[Collected data]

= = = = = = =

(* $F_\tau'=F_\tau''$, i.e. the commutator subgroup $[F_\tau,F_\tau]$ is equal to its own commutator subgroup.
   Context: Let $\tau=(\sqrt5-1)/2$. $F_\tau$ is the group, under composition, of orientation-preserving homeomorphisms of $[0,1]$ that are piecewise linear with finitely many breakpoints, all breakpoints in $\mathbb{Z}[\tau]=\{a+b\tau:a,b\in\mathbb{Z}\}$ and all slopes integer powers of $\tau$. $F_\tau'=[F_\tau,F_\tau]$ and $F_\tau''=[F_\tau',F_\tau']$. *)

theory Defs
  imports Complex_Main
begin

definition tau :: real where "tau = (sqrt 5 - 1) / 2"

definition Ztau :: "real set" where
  "Ztau = {of_int a + of_int b * tau | a b. True}"

text \<open>Elements of F_tau, represented as maps real to real that are the identity
  outside [0,1] (so composition and inverse are the group operations).\<close>
definition Ftau :: "(real \<Rightarrow> real) set" where
  "Ftau = {f. (\<forall>x. x \<notin> {0..1} \<longrightarrow> f x = x)
     \<and> continuous_on {0..1} f \<and> strict_mono_on {0..1} f \<and> f ` {0..1} = {0..1}
     \<and> (\<exists>(xs::real list) (ks::int list).
          length xs \<ge> 2 \<and> hd xs = 0 \<and> last xs = 1 \<and> sorted_wrt (<) xs
          \<and> set xs \<subseteq> Ztau \<and> length ks = length xs - 1
          \<and> (\<forall>i < length xs - 1. \<forall>x \<in> {xs!i .. xs!(i+1)}.
                f x = f (xs!i) + tau powi (ks!i) * (x - xs!i)))}"

inductive_set commutator_subgroup :: "(real \<Rightarrow> real) set \<Rightarrow> (real \<Rightarrow> real) set"
  for G :: "(real \<Rightarrow> real) set" where
  cs_id: "id \<in> commutator_subgroup G"
| cs_comm: "f \<in> G \<Longrightarrow> g \<in> G \<Longrightarrow> f \<circ> g \<circ> inv f \<circ> inv g \<in> commutator_subgroup G"
| cs_comp: "h \<in> commutator_subgroup G \<Longrightarrow> k \<in> commutator_subgroup G \<Longrightarrow> h \<circ> k \<in> commutator_subgroup G"
| cs_inv: "h \<in> commutator_subgroup G \<Longrightarrow> inv h \<in> commutator_subgroup G"

end

theory Submission
  imports Defs
begin

text \<open>
  Every element of F_tau is linear near 0 and near 1, with slopes integer powers of tau.
  Composing with an element of an abelian subgroup of maps supported near the endpoints,
  which realise every pair of endpoint slopes, writes any f as t b with b supported in some
  interval [e, 1 - e]. For b, b' supported in [e, 1 - e] one has [b, b'] = [[b, c], [b', d]],
  where c, d in F_tau squeeze [e, 1 - e] into [0, e) and (1 - e, 1]: the conjugates of b and b'
  by c and d then commute with b', b and with each other. A commutator [b, x] reduces to this
  case by splitting off from x an endpoint factor that commutes with b, and [t b, t' b']
  expands into conjugates of such commutators because t and t' commute.
\<close>

section \<open>Bijections, commutators and supports\<close>

lemma bij_comp_inv_id: "bij f \<Longrightarrow> f \<circ> inv f = id"
  using bij_is_surj surj_iff by blast

lemma bij_inv_comp_id: "bij f \<Longrightarrow> inv f \<circ> f = id"
  using bij_is_inj inj_iff by blast

lemma bij_comp_inv_comp: "bij f \<Longrightarrow> f \<circ> (inv f \<circ> h) = h"
  by (simp add: bij_comp_inv_id flip: comp_assoc)

lemma bij_inv_comp_comp: "bij f \<Longrightarrow> inv f \<circ> (f \<circ> h) = h"
  by (simp add: bij_inv_comp_id flip: comp_assoc)

lemmas bij_group_simps = comp_assoc bij_comp_inv_id bij_inv_comp_id bij_comp_inv_comp
  bij_inv_comp_comp o_inv_distrib bij_comp bij_imp_bij_inv inv_inv_eq

lemma commute_comp_left: "f \<circ> g = g \<circ> f \<Longrightarrow> f \<circ> (g \<circ> h) = g \<circ> (f \<circ> h)"
  by (metis comp_assoc)

lemma commute_inv:
  assumes "f \<circ> g = g \<circ> f" "bij f"
  shows "inv f \<circ> g = g \<circ> inv f"
proof -
  have "inv f \<circ> (g \<circ> f) \<circ> inv f = inv f \<circ> (f \<circ> g) \<circ> inv f" using assms(1) by simp
  then show ?thesis using assms(2) by (simp add: bij_group_simps)
qed

lemma commute_funpow:
  assumes "f \<circ> g = g \<circ> f"
  shows "(f ^^ n) \<circ> g = g \<circ> (f ^^ n)"
proof (induction n)
  case (Suc n)
  have "(f ^^ Suc n) \<circ> g = f \<circ> ((f ^^ n) \<circ> g)" by (simp add: comp_assoc)
  also have "\<dots> = (f \<circ> g) \<circ> (f ^^ n)" unfolding Suc by (simp add: comp_assoc)
  also have "\<dots> = g \<circ> (f ^^ Suc n)" unfolding assms by (simp add: comp_assoc)
  finally show ?case .
qed simp

lemma comp_commute_pairs:
  assumes "a \<circ> a' = a' \<circ> a" "b \<circ> b' = b' \<circ> b" "a \<circ> b' = b' \<circ> a" "b \<circ> a' = a' \<circ> b"
  shows "(a \<circ> b) \<circ> (a' \<circ> b') = (a' \<circ> b') \<circ> (a \<circ> b)"
proof -
  have "(a \<circ> b) \<circ> (a' \<circ> b') = (a \<circ> a') \<circ> (b \<circ> b')"
    by (simp add: comp_assoc commute_comp_left[OF assms(4)])
  also have "\<dots> = (a' \<circ> a) \<circ> (b' \<circ> b)" unfolding assms(1,2) ..
  also have "\<dots> = (a' \<circ> b') \<circ> (a \<circ> b)"
    by (simp add: comp_assoc commute_comp_left[OF assms(3)])
  finally show ?thesis .
qed

lemma funpow_fixpoint: "f x = x \<Longrightarrow> (f ^^ n) x = x"
  by (induction n) auto

definition fun_powi :: "('a \<Rightarrow> 'a) \<Rightarrow> int \<Rightarrow> 'a \<Rightarrow> 'a" where
  "fun_powi f k = (if 0 \<le> k then f ^^ nat k else inv f ^^ nat (- k))"

lemma fun_powi_fixpoint:
  assumes "bij f" "f x = x"
  shows "fun_powi f k x = x"
proof -
  have "inv f x = x" using assms by (metis bij_inv_eq_iff)
  then show ?thesis using assms(2) unfolding fun_powi_def by (simp add: funpow_fixpoint)
qed

lemma commute_fun_powi:
  assumes "f \<circ> g = g \<circ> f" "bij f" "bij g"
  shows "fun_powi f k \<circ> fun_powi g l = fun_powi g l \<circ> fun_powi f k"
proof -
  have *: "fun_powi f k \<circ> g = g \<circ> fun_powi f k" if "f \<circ> g = g \<circ> f" "bij f" for f g :: "'a \<Rightarrow> 'a" and k
    using commute_funpow[OF that(1)] commute_funpow[OF commute_inv[OF that]]
    unfolding fun_powi_def by simp
  show ?thesis using *[OF *[OF assms(1,2), symmetric] assms(3)] by simp
qed

definition comm :: "('a \<Rightarrow> 'a) \<Rightarrow> ('a \<Rightarrow> 'a) \<Rightarrow> 'a \<Rightarrow> 'a" where
  "comm f g = f \<circ> g \<circ> inv f \<circ> inv g"

lemma comm_conj:
  assumes "bij t" "bij f" "bij g"
  shows "t \<circ> comm f g \<circ> inv t = comm (t \<circ> f \<circ> inv t) (t \<circ> g \<circ> inv t)"
  unfolding comm_def using assms by (simp add: bij_group_simps)

lemma comm_comp_left:
  assumes "bij t" "bij b" "bij g"
  shows "comm (t \<circ> b) g = (t \<circ> comm b g \<circ> inv t) \<circ> comm t g"
  unfolding comm_def using assms by (simp add: bij_group_simps)

lemma comm_swap:
  assumes "bij f" "bij g"
  shows "comm f g = inv (comm g f)"
  unfolding comm_def using assms by (simp add: bij_group_simps)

= = = = = = =

What is needed - Select every line of the records holding the string "Ftau".

Answer to this problem -
definition Ftau :: "(real \<Rightarrow> real) set" where
  "Ftau = {f. (\<forall>x. x \<notin> {0..1} \<longrightarrow> f x = x)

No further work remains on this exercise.